From Michael Jordan, the Chicago Bulls superstar for whom everything has gone right, to Scott Norwood, the Buffalo Bills kicker who was last year’s Super Bowl goat, viewers can hardly have missed a growing willingness, even eagerness, to mention God in post-game conversation.

Among examples:

* Jordan and his teammates, after winning the franchise’s first National Basketball Assn. championship in 1991, gave NBC cameras little choice but to record a brief prayer session. The celebrating players, on returning to the locker room, joined in a circle and recited the Lord’s Prayer. As players hugged the NBA trophy, there was a lot of talk about thanking God.

* The Lord’s Prayer is recited after every game by this year’s Super Bowl-bound Washington Redskins, according to the team’s chaplain. The big show Sunday in Minneapolis will be no exception, and the national television audience could get a glimpse of praying players.

“I can guarantee you, if we win the Super Bowl, when they come into the locker room, the cameras will be on and the first thing that will happen is there will be a prayer,” said the team’s volunteer chaplain, the Rev. Lee Corder.

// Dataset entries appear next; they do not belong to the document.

(* Let $\mathcal{F}$ be a linear invariant family of holomorphic mappings in $\mathbb{D}$ of order $\beta<\infty$. Then for every univalent mapping $\varphi\in\mathcal{F}$, $$(1-|z|^2)\left|\frac{z\varphi'(z)}{\varphi(z)}\right|\leq 2\beta\quad\text{for all } z\in\mathbb{D}.$$
   Context: A family $\mathcal{F}$ of locally univalent analytic functions $f(z)=z+a_2z^2+\cdots$ in $\mathbb{D}$ is a linear invariant family if for every $f\in\mathcal{F}$ and every $a\in\mathbb{D}$, the function $\frac{f(\varphi_a(z))-f(a)}{(1-|a|^2)f'(a)}$ belongs to $\mathcal{F}$, where $\varphi_a(z)=\frac{z+a}{1+\overline{a}z}$. Its order is $\beta=\sup_{f\in\mathcal{F}}|a_2(f)|$. *)

theory Defs
  imports "HOL-Complex_Analysis.Complex_Analysis"
begin

abbreviation unit_disk :: "complex set" where
  "unit_disk \<equiv> ball 0 1"

definition normalized_lu :: "(complex \<Rightarrow> complex) \<Rightarrow> bool" where
  "normalized_lu f \<longleftrightarrow> f holomorphic_on unit_disk \<and> f 0 = 0 \<and> deriv f 0 = 1
     \<and> (\<forall>z\<in>unit_disk. deriv f z \<noteq> 0)"

definition disk_aut :: "complex \<Rightarrow> complex \<Rightarrow> complex" where
  "disk_aut a z = (z + a) / (1 + cnj a * z)"

definition koebe_transform :: "(complex \<Rightarrow> complex) \<Rightarrow> complex \<Rightarrow> complex \<Rightarrow> complex" where
  "koebe_transform f a = (\<lambda>z. (f (disk_aut a z) - f a) /
       (complex_of_real (1 - (cmod a)\<^sup>2) * deriv f a))"

definition linear_invariant_family :: "(complex \<Rightarrow> complex) set \<Rightarrow> bool" where
  "linear_invariant_family F \<longleftrightarrow> (\<forall>f\<in>F. normalized_lu f) \<and>
     (\<forall>f\<in>F. \<forall>a\<in>unit_disk. koebe_transform f a \<in> F)"

definition coeff2 :: "(complex \<Rightarrow> complex) \<Rightarrow> complex" where
  "coeff2 f = deriv (deriv f) 0 / 2"

text \<open>Order of the family (meaningful when finite, i.e. bounded above).\<close>
definition lif_order :: "(complex \<Rightarrow> complex) set \<Rightarrow> real" where
  "lif_order F = (SUP f\<in>F. cmod (coeff2 f))"

end

theory Submission
  imports Defs
begin

text \<open>The Koebe transform of \<open>f \<in> F\<close> at \<open>a\<close> has second coefficient
  \<open>((1 - |a|\<^sup>2) f''(a)/f'(a) - 2 cnj a)/2\<close>, so this quantity is bounded by \<open>2\<beta>\<close>.
  Integrating it over circles gives \<open>\<beta> \<ge> 1\<close>, and along rays it gives the distortion bound
  \<open>|f'(z)| \<ge> (1 - r)\<^sup>\<beta>\<^sup>-\<^sup>1 / (1 + r)\<^sup>\<beta>\<^sup>+\<^sup>1\<close>, \<open>r = |z|\<close>.
  If \<open>g \<in> F\<close> is univalent and \<open>w\<close> is omitted by \<open>g\<close> on \<open>|z| < r\<close>, let \<open>w\<^sub>0\<close> be the first point of
  \<open>[0, w]\<close> outside \<open>g(|z| < r)\<close>; the preimage of \<open>[0, w\<^sub>0)\<close> runs from \<open>0\<close> out to \<open>|z| = r\<close>, so
  integrating the distortion bound along it gives
  \<open>|w| \<ge> |w\<^sub>0| \<ge> \<integral>\<^sub>0\<^sup>r (1 - t)\<^sup>\<beta>\<^sup>-\<^sup>1 / (1 + t)\<^sup>\<beta>\<^sup>+\<^sup>1 dt \<ge> r/(2\<beta>)\<close>.
  Applying this to the Koebe transform of \<open>\<phi>\<close> at \<open>z\<close>, whose value at \<open>-z\<close> is
  \<open>-\<phi>(z)/((1 - |z|\<^sup>2) \<phi>'(z))\<close> and is not attained on \<open>|\<zeta>| < |z|\<close> by univalence, gives the theorem.\<close>

lemma unit_disk_one_minus_norm_sq_pos:
  "z \<in> unit_disk \<Longrightarrow> 0 < 1 - (cmod z)\<^sup>2"
  by (simp add: abs_square_less_1)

* The Lord’s Prayer was also offered by Coach Pat Riley and his New York Knicks before an NBA game at Madison Square Garden early in this year’s season in support of former Lakers star Magic Johnson, who had just announced that he has the AIDS virus.

* Last spring, at the start of the Major League Baseball season, sports pages carried stories of recent conversions to “born-again” Christianity by Howard Johnson of the Mets and Darrell Strawberry, an ex-Met who had left to join the Los Angeles Dodgers.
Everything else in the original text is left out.